Alternatively, nucleic acid tests can be performed on dry samples
(e.g. hair or skin).
[0093] Diagnostic procedures may also be performed in situ directly
upon tissue sections (fixed and/or frozen) of patient tissue
obtained from biopsies or resections, such that no nucleic acid
purification is necessary. Nucleic acid reagents may be used as
probes and/or primers for such in situ procedures (see, for
example, Nuovo, PCR in situ Hybridization: Protocols and
Applications (Raven Press, N.Y. 1992)).
[0094] In addition to methods which focus primarily on the
detection of one nucleic acid sequence, profiles may also be
assessed in such detection schemes. Fingerprint profiles may be
generated, for example, by utilizing a differential display
procedure, Northern analysis and/or RT-PCR.

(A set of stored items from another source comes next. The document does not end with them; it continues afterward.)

text \<open>The harmonic numbers grow like \<open>ln n\<close>; this is where the logarithmic
  normalisation comes from.\<close>
lemma harm_over_ln_tendsto: "(\<lambda>n. harm n / ln (real n) :: real) \<longlonglongrightarrow> 1"
proof -
  have ln_top: "filterlim (\<lambda>n. ln (real n)) at_top sequentially"
    by (rule filterlim_compose[OF ln_at_top filterlim_real_sequentially])
  have "(\<lambda>n. 1 + (harm n - ln (real n)) * inverse (ln (real n)) :: real) \<longlonglongrightarrow> 1 + euler_mascheroni * 0"
    by (intro tendsto_intros euler_mascheroni_LIMSEQ
          filterlim_compose[OF tendsto_inverse_0_at_top ln_top] filterlim_ident)
  moreover have "\<forall>\<^sub>F n in sequentially.
      1 + (harm n - ln (real n)) * inverse (ln (real n)) = harm n / ln (real n)"
    by (rule eventually_sequentiallyI[of 2]) (simp add: field_simps)
  ultimately show ?thesis
    by (simp add: Lim_transform_eventually)
qed
section \<open>The operators \<open>L\<^sub>x\<close> and \<open>L\<^sub>z\<close> on point-weighted values\<close>

lemma gv_expansion:
  assumes "partials_on U p D" "open U" "(x0, z0) \<in> U" "N > 0"
  shows "(\<lambda>h. gv p x0 z0 \<gamma> h m n
           - poly (ray_poly N (taylor_coeff D (x0, z0)) (of_int m) (of_int n * of_real \<gamma>)) (of_real h))
         \<in> O_pow N"
  using partials_on_Taylor_expansion[OF assms, of "real_of_int m" "real_of_int n * \<gamma>"]
  by (simp add: gv_def mult_ac)

definition phat_poly :: "complex \<Rightarrow> complex \<Rightarrow> (int \<Rightarrow> int \<Rightarrow> complex poly) \<Rightarrow> int \<Rightarrow> complex poly" where
  "phat_poly b1 b2 P i = (let s = \<bar>i\<bar> in
      if i = 0 then smult b1 (P 0 0)
      else smult b1 (P i 0) + smult (b2 / 2) (P i s + P i (-s) - P 0 s - P 0 (-s)))"

definition ptilde_poly :: "complex \<Rightarrow> complex \<Rightarrow> (int \<Rightarrow> int \<Rightarrow> complex poly) \<Rightarrow> int \<Rightarrow> complex poly" where
  "ptilde_poly b1 b2 P i = (let s = \<bar>i\<bar> in
      if i = 0 then smult b1 (P 0 0)
      else smult b1 (P 0 i) + smult (b2 / 2) (P s i + P (-s) i - P s 0 - P (-s) 0))"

[0095] Another embodiment of the invention is directed to kits.
This kit may contain one or more oligonucleotides, including 5' and
3' oligonucleotides that hybridize 5' and 3' to a polymorphic site
having as allele associated with MD or detection oligonucleotides
that hybridize directly to an allele associate with MD. The kit may
also contain one or more oligonucleotides capable of hybridizing
near or at other alleles that are in linkage disequilibrium with an
MD causing allele (mutation). PCR amplification oligonucleotides
should hybridize between 25 and 2500 base pairs apart, preferably
between about 100 and about 500 bases apart, in order to produce a
PCR product of convenient size for subsequent analysis.
[0096] For use in a kit, oligonucleotides may be any of a variety
of natural and/or synthetic compositions such as synthetic
oligonucleotides, restriction fragments, cDNAs, synthetic peptide
nucleic acids (PNAs), and the like. The assay kit and method may
also employ oligonucleotides having detectable labels to allow ease
of identification in the assays. Examples of labels which may be
employed include radio-labels, enzymes, fluorescent compounds,
streptavidin, avidin, biotin, magnetic moieties, metal binding
moieties, antigen or antibody moieties, and the like.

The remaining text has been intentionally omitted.